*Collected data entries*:

[Start of section]

definition valid_rec :: "rinstance \<Rightarrow> nat set \<Rightarrow> nat set \<Rightarrow> recommendation \<Rightarrow> bool" where
  "valid_rec I Us Cs R \<longleftrightarrow> (\<forall>i\<in>Us. R i \<subseteq> Cs \<and> card (R i) = min (kK I) (card Cs))"

definition next_users :: "rinstance \<Rightarrow> nat set \<Rightarrow> recommendation \<Rightarrow> nat set" where
  "next_users I Us R = {i\<in>Us. card (R i) = kK I \<and> (\<forall>j\<in>R i. eng I i j \<ge> ebar I)}"

definition next_creators :: "rinstance \<Rightarrow> nat set \<Rightarrow> nat set \<Rightarrow> recommendation \<Rightarrow> nat set" where
  "next_creators I Us Cs R = {j\<in>Cs. card {i\<in>Us. j \<in> R i} \<ge> abar I}"

fun state :: "rinstance \<Rightarrow> (nat \<Rightarrow> recommendation) \<Rightarrow> nat \<Rightarrow> nat set \<times> nat set" where
  "state I Rs 0 = ({1..nU I}, {1..nC I})"
| "state I Rs (Suc t) =
     (let (Us, Cs) = state I Rs t
      in (next_users I Us (Rs t), next_creators I Us Cs (Rs t)))"

definition users_at :: "rinstance \<Rightarrow> (nat \<Rightarrow> recommendation) \<Rightarrow> nat \<Rightarrow> nat set" where
  "users_at I Rs t = fst (state I Rs t)"

definition creators_at :: "rinstance \<Rightarrow> (nat \<Rightarrow> recommendation) \<Rightarrow> nat \<Rightarrow> nat set" where
  "creators_at I Rs t = snd (state I Rs t)"

definition feasible :: "rinstance \<Rightarrow> (nat \<Rightarrow> recommendation) \<Rightarrow> bool" where
  "feasible I Rs \<longleftrightarrow> (\<forall>t. valid_rec I (users_at I Rs t) (creators_at I Rs t) (Rs t))"

definition avg_eng :: "rinstance \<Rightarrow> (nat \<Rightarrow> recommendation) \<Rightarrow> nat \<Rightarrow> real" where
  "avg_eng I Rs T = (\<Sum>t<T. engagement I (users_at I Rs t) (Rs t)) / real T"

definition has_LTE :: "rinstance \<Rightarrow> (nat \<Rightarrow> recommendation) \<Rightarrow> bool" where
  "has_LTE I Rs \<longleftrightarrow> convergent (avg_eng I Rs)"

definition LTE :: "rinstance \<Rightarrow> (nat \<Rightarrow> recommendation) \<Rightarrow> real" where
  "LTE I Rs = lim (avg_eng I Rs)"

definition is_FL :: "rinstance \<Rightarrow> (nat \<Rightarrow> recommendation) \<Rightarrow> bool" where
  "is_FL I Rs \<longleftrightarrow> feasible I Rs \<and> has_LTE I Rs \<and>
     (\<forall>Rs'. feasible I Rs' \<and> has_LTE I Rs' \<longrightarrow> LTE I Rs' \<le> LTE I Rs)"

definition is_UC :: "rinstance \<Rightarrow> (nat \<Rightarrow> recommendation) \<Rightarrow> bool" where
  "is_UC I Rs \<longleftrightarrow> feasible I Rs \<and>
     (\<forall>t. \<forall>i\<in>users_at I Rs t.
        \<forall>S. S \<subseteq> creators_at I Rs t \<and> card S \<le> kK I \<longrightarrow>
          (\<Sum>j\<in>S. eng I i j) \<le> (\<Sum>j\<in>Rs t i. eng I i j))"

end

theory Submission
  imports Defs
begin

(*
  Users 1, ..., n and creators 2, ..., m + 1 have type e_0; users n + 1, ..., 2n and creator 1
  have type e_1. With K = 1 and creator threshold 2n, a creator survives a round only if it is
  shown to every user. User-centric recommendations split the users between the two types, so
  every creator leaves after the first round and LTE(UC) = 0. Showing creator 2 to everybody keeps
  it alive and earns n per round; conversely, after the first round at most one creator remains,
  and its engagements sum to n over all users, so LTE(FL) = n.
*)

lemma users_at_0 [simp]: "users_at I Rs 0 = {1..nU I}"
  by (simp add: users_at_def)

lemma creators_at_0 [simp]: "creators_at I Rs 0 = {1..nC I}"
  by (simp add: creators_at_def)

lemma users_at_Suc:
  "users_at I Rs (Suc t) = next_users I (users_at I Rs t) (Rs t)"
  by (simp add: users_at_def creators_at_def case_prod_beta)

lemma creators_at_Suc:
  "creators_at I Rs (Suc t) = next_creators I (users_at I Rs t) (creators_at I Rs t) (Rs t)"
  by (simp add: users_at_def creators_at_def case_prod_beta)

lemma users_at_subset: "users_at I Rs t \<subseteq> {1..nU I}"
  by (induction t) (auto simp: users_at_Suc next_users_def)

lemma creators_at_subset: "creators_at I Rs t \<subseteq> {1..nC I}"
  by (induction t) (auto simp: creators_at_Suc next_creators_def)

lemma finite_creators_at: "finite (creators_at I Rs t)"
  by (rule finite_subset[OF creators_at_subset]) simp

lemma decseq_creators_at: "decseq (creators_at I Rs)"
  by (rule decseq_SucI) (auto simp: creators_at_Suc next_creators_def)

lemma eng_nonneg:
  assumes "wf_instance I" "i \<in> {1..nU I}" "j \<in> {1..nC I}"
  shows "0 \<le> eng I i j"
  using assms unfolding wf_instance_def unit_nonneg_def eng_def
  by (intro sum_nonneg mult_nonneg_nonneg) auto

lemma engagement_no_creators:
  assumes "valid_rec I Us {} R"
  shows "engagement I Us R = 0"
  using assms by (simp add: valid_rec_def engagement_def)

lemma engagement_le_column_sums:
  assumes wf: "wf_instance I" and R: "valid_rec I Us Cs R"
    and Us: "Us \<subseteq> {1..nU I}" and Cs: "Cs \<subseteq> {1..nC I}"
  shows "engagement I Us R \<le> (\<Sum>j\<in>Cs. \<Sum>i\<in>{1..nU I}. eng I i j)"
proof -
  have fin: "finite Cs" using Cs finite_subset by blast
  have "engagement I Us R \<le> (\<Sum>i\<in>Us. \<Sum>j\<in>Cs. eng I i j)"
    unfolding engagement_def
  proof (rule sum_mono, rule sum_mono2)
    fix i assume "i \<in> Us"
    then show "R i \<subseteq> Cs" using R by (simp add: valid_rec_def)
    show "0 \<le> eng I i j" if "j \<in> Cs - R i" for j
      using \<open>i \<in> Us\<close> that Us Cs by (intro eng_nonneg[OF wf]) auto
  qed (rule fin)
  also have "\<dots> = (\<Sum>j\<in>Cs. \<Sum>i\<in>Us. eng I i j)"
    by (rule sum.swap)
  also have "\<dots> \<le> (\<Sum>j\<in>Cs. \<Sum>i\<in>{1..nU I}. eng I i j)"
    using Us Cs eng_nonneg[OF wf] by (intro sum_mono sum_mono2) auto
  finally show ?thesis .
qed
(* Let $d = 2$ and assume $\varphi$ is twice continuously differentiable. For $X \in \mathcal{M}$, the eigenvalues of the Riemannian Hessian of $f$ at $X$ (a self-adjoint operator on the $n$-dimensional space $\mathrm{T}_X\mathcal{M}$) are equal to the eigenvalues of $-L(M)$, where $M$ has entries $m_{ij} = w_{ij}\, h(x_i^\top x_j)$ with $h(t) = t\varphi'(t) - (1-t^2)\varphi''(t)$. Moreover, $X$ is a critical point of $f$ with negative semidefinite Riemannian Hessian if and only if $$X\,\mathrm{ddiag}(X^\top X A) = XA \quad\text{and}\quad \mathrm{ddiag}(X^\top X A) - A \odot X^\top X \succeq L(K),$$ where $A = W \odot \varphi'(X^\top X)$ and $K = W \odot \varphi''(X^\top X) \odot \big(\mathbf{1}\mathbf{1}^\top - (X^\top X)^{\odot 2}\big)$.
   Context: $\mathcal{M} = (\mathbb{S}^{1})^n = \{X\in\mathbb{R}^{2\times n} : \text{columns } x_i \text{ unit norm}\}$, a Riemannian submanifold of $\mathbb{R}^{2\times n}$ with the Frobenius metric. $W$ is symmetric with nonnegative entries, $f(X) = \frac12\sum_{i,j} w_{ij}\varphi(x_i^\top x_j)$; $\varphi,\varphi',\varphi''$ act entrywise on matrices. For a symmetric $M \in \mathbb{R}^{n\times n}$, $L(M) = \mathrm{diag}(M\mathbf{1}) - M$ (graph Laplacian), where $\mathrm{diag}(v)$ is the diagonal matrix with diagonal $v$ and $\mathbf{1}$ is the all-ones vector. $\odot$ is the entrywise product, $(\cdot)^{\odot 2}$ entrywise squaring, $\mathrm{ddiag}$ zeroes off-diagonal entries, $\succeq$ is the Loewner order. *)

theory Defs
  imports "HOL-Analysis.Analysis"
begin

text \<open>Matrices are HOL-Analysis matrices: X :: real^'n^2 is a 2 x n matrix
  (rows indexed by the type 2, columns by 'n); W :: real^'n^'n.\<close>

definition hadamard :: "real^'n^'m \<Rightarrow> real^'n^'m \<Rightarrow> real^'n^'m" where
  "hadamard A B = (\<chi> i j. A$i$j * B$i$j)"

definition entrywise :: "(real \<Rightarrow> real) \<Rightarrow> real^'n^'m \<Rightarrow> real^'n^'m" where
  "entrywise g A = (\<chi> i j. g (A$i$j))"

definition diag_mat :: "real^'n \<Rightarrow> real^'n^'n" where
  "diag_mat v = (\<chi> i j. if i = j then v$i else 0)"

definition ddiag :: "real^'n^'n \<Rightarrow> real^'n^'n" where
  "ddiag A = (\<chi> i j. if i = j then A$i$j else 0)"

definition laplacian :: "real^'n^'n \<Rightarrow> real^'n^'n" where
  "laplacian M = diag_mat (M *v vec 1) - M"

definition psd :: "real^'n^'n \<Rightarrow> bool" where
  "psd P \<longleftrightarrow> (\<forall>v. 0 \<le> v \<bullet> (P *v v))"

definition loewner_ge :: "real^'n^'n \<Rightarrow> real^'n^'n \<Rightarrow> bool" where
  "loewner_ge P Q \<longleftrightarrow> psd (P - Q)"

definition circ_manifold :: "(real^'n^2) set" where
  "circ_manifold = {X. \<forall>i. norm (column i X) = 1}"

definition tangent_space :: "real^'n^2 \<Rightarrow> (real^'n^2) set" where
  "tangent_space X = {U. \<forall>i. column i X \<bullet> column i U = 0}"

text \<open>Orthogonal projection onto the tangent space at X (for X on the manifold),
  extended smoothly to all X: Proj_X(Z) = Z - X ddiag(X^T Z).\<close>
definition proj :: "real^'n^2 \<Rightarrow> real^'n^2 \<Rightarrow> real^'n^2" where
  "proj X Z = Z - X ** ddiag (transpose X ** Z)"

text \<open>The cost, naturally extended to all of R^(2 x n).\<close>
definition fbar :: "real^'n^'n \<Rightarrow> (real \<Rightarrow> real) \<Rightarrow> real^'n^2 \<Rightarrow> real" where
  "fbar W \<phi> X = (1/2) * (\<Sum>i\<in>UNIV. \<Sum>j\<in>UNIV. W$i$j * \<phi> (column i X \<bullet> column j X))"

definition egrad :: "(real^'n^2 \<Rightarrow> real) \<Rightarrow> real^'n^2 \<Rightarrow> real^'n^2" where
  "egrad F X = (SOME G. (F has_derivative (\<lambda>H. G \<bullet> H)) (at X))"

definition rgrad :: "(real^'n^2 \<Rightarrow> real) \<Rightarrow> real^'n^2 \<Rightarrow> real^'n^2" where
  "rgrad F X = proj X (egrad F X)"

text \<open>Riemannian Hessian of a Riemannian submanifold of a Euclidean space:
  Hess f(X)[U] = Proj_X (D Gbar(X)[U]) with Gbar the smooth extension
  Y \<mapsto> Proj_Y(egrad Y) of the Riemannian gradient.\<close>
definition rhess :: "(real^'n^2 \<Rightarrow> real) \<Rightarrow> real^'n^2 \<Rightarrow> real^'n^2 \<Rightarrow> real^'n^2" where
  "rhess F X U = proj X ((SOME D. ((\<lambda>Y. rgrad F Y) has_derivative D) (at X)) U)"

end

theory Submission
  imports Defs
begin

text \<open>For d = 2 every tangent vector at X has the form U = R(X) diag(\<theta>), where R
  rotates each column of X by a quarter turn; \<theta> \<mapsto> U is a linear isometry of R^n onto
  the tangent space. Differentiating the Riemannian gradient column by column and projecting,
  the Hessian acts on \<theta> as -L(M): in the (i,l) term the second derivative of \<phi> is
  weighted by the squared sine 1 - t^2 of the angle between x_i and x_l. So the Hessian is
  conjugate to -L(M), which gives the spectra. The Riemannian gradient is
  X A - X ddiag(X^T X A), and ddiag(X^T X A) - A \<odot> X^T X - L(K) = L(M), so the Loewner
  condition says exactly that -L(M) is negative semidefinite.\<close>

lemma has_derivative_vec_lambda:
  fixes f :: "'a::real_normed_vector \<Rightarrow> 'b::real_inner^'m"
  assumes "\<And>i. ((\<lambda>x. f x $ i) has_derivative (\<lambda>h. f' h $ i)) F"
  shows "(f has_derivative f') F"
proof -
  have axis_bl: "bounded_linear (axis i :: 'b \<Rightarrow> 'b^'m)" for i
  proof (rule bounded_linear_intro[where K=1])
    show "norm (axis i x) \<le> norm x * 1" for x :: 'b
      by (simp add: norm_eq_sqrt_inner inner_axis_axis)
  qed (auto simp: axis_def vec_eq_iff)
  have "((\<lambda>x. \<Sum>i\<in>UNIV. axis i (f x $ i)) has_derivative (\<lambda>h. \<Sum>i\<in>UNIV. axis i (f' h $ i))) F"
    by (intro has_derivative_sum bounded_linear.has_derivative[OF axis_bl] assms)
  moreover have "(\<Sum>i\<in>UNIV. axis i (x $ i)) = x" for x :: "'b^'m"
    by (simp add: vec_eq_iff sum_component axis_def if_distrib cong: if_cong)
  ultimately show ?thesis by simp
qed

lemma has_derivative_matrix_entry [derivative_intros]:
  "((\<lambda>Y::real^'n^'m. Y $ k $ i) has_derivative (\<lambda>H. H $ k $ i)) F"
  by (intro bounded_linear_imp_has_derivative bounded_linear_compose[OF bounded_linear_vec_nth]
      bounded_linear_vec_nth)

lemma has_derivative_column [derivative_intros]:
  "((\<lambda>Y::real^'n^'m. column i Y) has_derivative column i) F"
  by (rule has_derivative_vec_lambda) (simp add: column_def has_derivative_matrix_entry)

lemma egrad_eqI:
  fixes F :: "real^'n^2 \<Rightarrow> real"
  assumes "(F has_derivative (\<lambda>H. G \<bullet> H)) (at X)"
  shows "egrad F X = G"
  unfolding egrad_def
proof (rule some_equality)
  fix G' assume "(F has_derivative (\<lambda>H. G' \<bullet> H)) (at X)"
  then have "(\<lambda>H. G' \<bullet> H) = (\<lambda>H. G \<bullet> H)"
    using assms by (rule has_derivative_unique)
  then have "(G' - G) \<bullet> (G' - G) = 0"
    by (metis inner_diff_left right_minus_eq)
  then show "G' = G" by simp
qed (rule assms)

lemma rhess_eqI:
  fixes F :: "real^'n^2 \<Rightarrow> real"
  assumes "(rgrad F has_derivative D) (at X)"
  shows "rhess F X U = proj X (D U)"
proof -
  have "(SOME D. (rgrad F has_derivative D) (at X)) = D"
    using assms has_derivative_unique by blast
  then show ?thesis by (simp add: rhess_def)
qed

definition gram :: "real^'n^'m \<Rightarrow> 'n \<Rightarrow> 'n \<Rightarrow> real" where
  "gram Y i j = column i Y \<bullet> column j Y"

lemma gram_sym: "gram Y i j = gram Y j i"
  by (simp add: gram_def inner_commute)

lemma gram_eq_sum: "gram Y i j = (\<Sum>k\<in>UNIV. Y$k$i * Y$k$j)"
  by (simp add: gram_def column_def inner_vec_def)

lemma gram_matrix_entry: "(transpose Y ** Y) $ i $ j = gram Y i j"
  by (simp add: gram_eq_sum transpose_def matrix_matrix_mult_def)

lemma has_derivative_gram [derivative_intros]:
  "((\<lambda>Y. gram Y i j) has_derivative (\<lambda>H. column i H \<bullet> column j Y + column i Y \<bullet> column j H)) (at Y)"
  unfolding gram_def by (auto intro!: derivative_eq_intros)

lemma column_matrix_mult: "column i (Y ** A) = (\<Sum>l\<in>UNIV. A$l$i *\<^sub>R column l Y)"
  by (simp add: vec_eq_iff column_def matrix_matrix_mult_def sum_component mult.commute)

[End of section]

Go line by line through the data above and report each one that holds the string "dots".

*Response for this exercise*:
  also have "\<dots> = (\<Sum>j\<in>Cs. \<Sum>i\<in>Us. eng I i j)"
  also have "\<dots> \<le> (\<Sum>j\<in>Cs. \<Sum>i\<in>{1..nU I}. eng I i j)"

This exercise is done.